Enquanto o homem ao seu lado fazia a curva, ela o seguiu perfeitamente, conseguindo não esbarrar em nada e manter sua postura elegante.
Foi quando o homem disse algo que Sunny foi puxado de sua fascinação.
“…portanto, Senhora Cássia, você deve ter sucesso.”
Sunny congelou ao ouvir a voz fria e autoritária. Uma voz que não tolerava desobediência.
Ele conhecia aquela voz.
E sabia ao lado de quem Cássia estava caminhando, também.
Ela abaixou a cabeça em reverência e respondeu respeitosamente:
“Eu entendo, Vossa Alteza. Será feito.”
Era a Bigorna, o Rei das Espadas.
Empurrando uma porta pesada, Bigorna entrou em um quarto frio e úmido e esperou que Cássia o seguisse.
Dentro do quarto…
Havia o cheiro de sangue e o som de correntes chacoalhando enquanto alguém se mexia.
Ela podia sentir o olhar do prisioneiro, mas não havia palavras.
Apenas silêncio.
Cássia marcou um dos guardas estacionados dentro da cela e finalmente conseguiu ver seus arredores.

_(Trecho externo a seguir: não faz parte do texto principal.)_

(* Let $\mathcal{P}=\{\mathbf{c}_1+\mathbf{B},\dots,\mathbf{c}_n+\mathbf{B}\}$ be a packing of $n\ge 1$ unit balls with all centers $\mathbf{c}_i\in\Lambda_{fcc}$. Then $$\frac{n\,\mathrm{vol}_3(\mathbf{B})}{\mathrm{vol}_3\left(\bigcup_{i=1}^n(\mathbf{c}_i+\sqrt2\,\mathbf{B})\right)}<\frac{\pi}{\sqrt{18}}.$$
   Context: $\mathbf{B}$ is the closed unit ball centered at the origin of $\mathbb{E}^3$; $\Lambda_{fcc}$ is the face-centered cubic lattice with shortest non-zero vector of length $2$; $\mathrm{vol}_3$ is volume. *)

theory Defs
  imports "HOL-Analysis.Analysis"
begin

text \<open>Face-centred cubic lattice scaled so that its shortest nonzero vector has length 2:
  the points sqrt 2 (a,b,c) with a,b,c integers and a+b+c even.\<close>
definition fcc_lattice :: "(real^3) set" where
  "fcc_lattice = {x. \<exists>a b c :: int. even (a + b + c) \<and>
      x = sqrt 2 *\<^sub>R vector [real_of_int a, real_of_int b, real_of_int c]}"

definition unit_ball_packing :: "(real^3) set \<Rightarrow> bool" where
  "unit_ball_packing C \<longleftrightarrow>
     (\<forall>c\<in>C. \<forall>d\<in>C. c \<noteq> d \<longrightarrow> ball c 1 \<inter> ball d 1 = {})"

end

theory Submission
  imports Defs
begin

text \<open>
  Let V be the Voronoi cell of the fcc lattice, i.e. the points at least as close
  to 0 as to any other lattice point.  Three facts about V give the theorem:
  (1) V lies in the ball of radius sqrt 2 (it is the rhombic dodecahedron), so the translates
      c + V for c in C lie in the union U of the balls c + sqrt 2 B;
  (2) translates of V by distinct lattice points overlap only in a null set;
  (3) vol V \<ge> 4 sqrt 2, because the lattice translates of V cover the fundamental box
      (0, 2 sqrt 2) \<times> (0, sqrt 2) \<times> (0, sqrt 2), whose lattice translates are disjoint.
  Hence vol U \<ge> 4 sqrt 2 n; the inequality is strict because next to the centre of C with the
  largest first coordinate there is a small ball in U covered by no cell c + V.  Then
  n vol B / vol U < n (4/3) pi / (4 sqrt 2 n) = pi / sqrt 18.
\<close>

definition voronoi_cell :: "'a::euclidean_space set \<Rightarrow> 'a set" where
  "voronoi_cell L = {u. \<forall>l\<in>L. norm u \<le> norm (u - l)}"
lemma finite_sign_set_empty: "finite_sign_set {}"
  unfolding finite_sign_set_def
  by (rule exI[of _ "{(0, 0)}"], rule exI[of _ "{}"]) (simp add: sign_set_def affval_def)

definition sign_bit :: "real \<Rightarrow> nat" where
  "sign_bit t = (if 0 < t then 1 else 0)"

lemma sign_bit_relu [simp]: "sign_bit (relu t) = sign_bit t"
  by (simp add: sign_bit_def relu_def)

lemma finite_sign_set_sign_bit: "finite_sign_set {z. sign_bit (affval h z) = b}"
proof -
  consider "b = 1" | "b = 0" | "b \<noteq> 0" "b \<noteq> 1" by blast
  then show ?thesis
  proof cases
    case 1
    then have "{z. sign_bit (affval h z) = b} = sign_set {h} {}"
      by (auto simp: sign_set_def sign_bit_def)
    then show ?thesis unfolding finite_sign_set_def by blast
  next
    case 2
    then have "{z. sign_bit (affval h z) = b} = sign_set {} {- h}"
      by (auto simp: sign_set_def sign_bit_def affval_def)
    then show ?thesis unfolding finite_sign_set_def by blast
  next
    case 3
    then show ?thesis by (simp add: sign_bit_def finite_sign_set_empty)
  qed
qed

lemma finite_sign_set_sign_pattern:
  "finite_sign_set {z. map (\<lambda>h. sign_bit (affval h z)) Hs = d}"
proof (induction Hs arbitrary: d)
  case Nil
  show ?case by (cases "d = []") (simp_all add: finite_sign_set_UNIV finite_sign_set_empty)
next
  case (Cons h Hs)
  note IH = Cons.IH
  show ?case
  proof (cases d)
    case Nil
    then show ?thesis by (simp add: finite_sign_set_empty)
  next
    case (Cons b d')
    then have "{z. map (\<lambda>h. sign_bit (affval h z)) (h # Hs) = d}
        = {z. sign_bit (affval h z) = b} \<inter> {z. map (\<lambda>h. sign_bit (affval h z)) Hs = d'}"
      by auto
    then show ?thesis
      using finite_sign_set_Int[OF finite_sign_set_sign_bit IH] by simp
  qed
qed

definition mask_inactive :: "nat list \<Rightarrow> ('a::real_inner \<times> real) list \<Rightarrow> ('a \<times> real) list" where
  "mask_inactive d Hs = map2 (\<lambda>b h. if b = 1 then h else 0) d Hs"

lemma relu_affvals_eq_masked:
  "map (\<lambda>h. sign_bit (affval h z)) Hs = d \<Longrightarrow>
    map (\<lambda>h. relu (affval h z)) Hs = map (\<lambda>g. affval g z) (mask_inactive d Hs)"
  by (induction Hs arbitrary: d) (auto simp: mask_inactive_def sign_bit_def relu_def affval_def)

definition affine_row_pullback ::
  "real list \<Rightarrow> real \<Rightarrow> ('a::real_inner \<times> real) list \<Rightarrow> 'a \<times> real" where
  "affine_row_pullback w b Gs = sum_list (map2 (*\<^sub>R) w Gs) + (0, b)"

lemma affval_affine_row_pullback:
  "affval (affine_row_pullback w b Gs) z = affine_row w b (map (\<lambda>g. affval g z) Gs)"
proof (induction w arbitrary: b Gs)
  case Nil
  then show ?case by (simp add: affine_row_pullback_def affine_row_def affval_def)
next
  case (Cons a w)
  then show ?case
    by (cases Gs) (auto simp: affine_row_pullback_def affine_row_def affval_def
        inner_add_left algebra_simps)
qed

lemma layer_act_affvals:
  "layer_act L (map (\<lambda>g. affval g z) Gs)
     = map (\<lambda>h. relu (affval h z)) (map (\<lambda>(w, b). affine_row_pullback w b Gs) L)"
  by (auto simp: layer_act_def affval_affine_row_pullback)
(* Let $G$ be a finitely generated group whose growth function satisfies $\gamma_G(n)\succcurlyeq 2^{n^{\alpha}}$ for some $\alpha\in(0,1]$. Then $\mathrm{WP}_G\notin\mathrm{DTIME}_1(o(n^{1+\alpha}))$.
   Context: The growth function $\gamma_G(n)$ is the number of elements of word length at most $n$ with respect to a finite symmetric generating set. For nondecreasing functions, $f\succcurlyeq g$ means there is $C>0$ with $g(n)\le f(Cn)$ for all $n$. $\mathrm{WP}_G$ is the word problem $\{w\in S^{*}: w=_G e\}$; $\mathrm{DTIME}_1(o(t(n)))$ is the class of languages decided in time $o(t(n))$ by a deterministic single-tape Turing machine. *)

theory Defs
  imports "HOL-Algebra.Generated_Groups" "HOL-Library.Landau_Symbols"
begin

definition eval_word :: "('a, 'b) monoid_scheme \<Rightarrow> 'a list \<Rightarrow> 'a" where
  "eval_word G w = foldr (\<lambda>s g. s \<otimes>\<^bsub>G\<^esub> g) w \<one>\<^bsub>G\<^esub>"

definition fin_sym_gen_set :: "('a, 'b) monoid_scheme \<Rightarrow> 'a set \<Rightarrow> bool" where
  "fin_sym_gen_set G S \<longleftrightarrow> finite S \<and> S \<subseteq> carrier G
     \<and> (\<forall>s\<in>S. inv\<^bsub>G\<^esub> s \<in> S) \<and> generate G S = carrier G"

definition growth :: "('a, 'b) monoid_scheme \<Rightarrow> 'a set \<Rightarrow> nat \<Rightarrow> nat" where
  "growth G S n = card {g. \<exists>w\<in>lists S. length w \<le> n \<and> eval_word G w = g}"

definition dominates :: "(nat \<Rightarrow> real) \<Rightarrow> (nat \<Rightarrow> real) \<Rightarrow> bool" where
  "dominates f g \<longleftrightarrow> (\<exists>C::nat. C > 0 \<and> (\<forall>n. g n \<le> f (C * n)))"

definition word_problem :: "('a, 'b) monoid_scheme \<Rightarrow> 'a set \<Rightarrow> 'a list set" where
  "word_problem G S = {w \<in> lists S. eval_word G w = \<one>\<^bsub>G\<^esub>}"

text \<open>Tape symbols are of type 'a + nat: input letters Inl s (s in the input
  alphabet), blank Inr 0, further work symbols Inr k. A machine is a tuple
  (Q, Gamma, delta, q0, qacc, qrej); delta q c = (q', c', d) with head move
  d \<in> {-1,0,1}.\<close>

type_synonym 'a tm =
  "nat set \<times> ('a + nat) set \<times> (nat \<Rightarrow> 'a + nat \<Rightarrow> nat \<times> ('a + nat) \<times> int) \<times> nat \<times> nat \<times> nat"

type_synonym 'a config = "nat \<times> (int \<Rightarrow> 'a + nat) \<times> int"

definition blank :: "'a + nat" where "blank = Inr 0"

definition wf_tm :: "'a set \<Rightarrow> 'a tm \<Rightarrow> bool" where
  "wf_tm \<Sigma> M = (case M of (Q, \<Gamma>, \<delta>, q0, qa, qr) \<Rightarrow>
     finite Q \<and> finite \<Gamma> \<and> q0 \<in> Q \<and> qa \<in> Q \<and> qr \<in> Q \<and> qa \<noteq> qr
     \<and> blank \<in> \<Gamma> \<and> Inl ` \<Sigma> \<subseteq> \<Gamma>
     \<and> (\<forall>q\<in>Q. \<forall>c\<in>\<Gamma>. case \<delta> q c of (q', c', d) \<Rightarrow>
            q' \<in> Q \<and> c' \<in> \<Gamma> \<and> d \<in> {-1, 0, 1}))"

definition initial_config :: "'a tm \<Rightarrow> 'a list \<Rightarrow> 'a config" where
  "initial_config M w = (case M of (Q, \<Gamma>, \<delta>, q0, qa, qr) \<Rightarrow>
     (q0, (\<lambda>i. if 0 \<le> i \<and> nat i < length w then Inl (w ! nat i) else blank), 0))"

definition tm_step :: "'a tm \<Rightarrow> 'a config \<Rightarrow> 'a config" where
  "tm_step M c = (case M of (Q, \<Gamma>, \<delta>, q0, qa, qr) \<Rightarrow>
     (case c of (q, tp, h) \<Rightarrow>
        if q = qa \<or> q = qr then c
        else (case \<delta> q (tp h) of (q', c', d) \<Rightarrow> (q', tp(h := c'), h + d))))"

definition tm_run :: "'a tm \<Rightarrow> 'a list \<Rightarrow> nat \<Rightarrow> 'a config" where
  "tm_run M w k = (tm_step M ^^ k) (initial_config M w)"

definition decides_in_time ::
    "'a set \<Rightarrow> 'a tm \<Rightarrow> 'a list set \<Rightarrow> (nat \<Rightarrow> nat) \<Rightarrow> bool" where
  "decides_in_time \<Sigma> M L T \<longleftrightarrow> wf_tm \<Sigma> M \<and>
     (\<forall>w\<in>lists \<Sigma>. case M of (Q, \<Gamma>, \<delta>, q0, qa, qr) \<Rightarrow>
        fst (tm_run M w (T (length w))) = (if w \<in> L then qa else qr))"

definition DTIME1_o :: "'a set \<Rightarrow> (nat \<Rightarrow> real) \<Rightarrow> 'a list set set" where
  "DTIME1_o \<Sigma> t = {L. L \<subseteq> lists \<Sigma> \<and> (\<exists>M T. decides_in_time \<Sigma> M L T
        \<and> (\<lambda>n. real (T n)) \<in> o(t))}"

À sua frente… um velho homem que outrora foi digno estava encadeado na parede, suas roupas encharcadas de sangue. Seu olhar era calmo e pesado.
Demorou um momento para ela reconhecê-lo como um ancião de um dos Clãs do Legado que tinham jurado lealdade ao Valor.
No entanto, o velho homem tinha se revelado um espião do Domínio Song.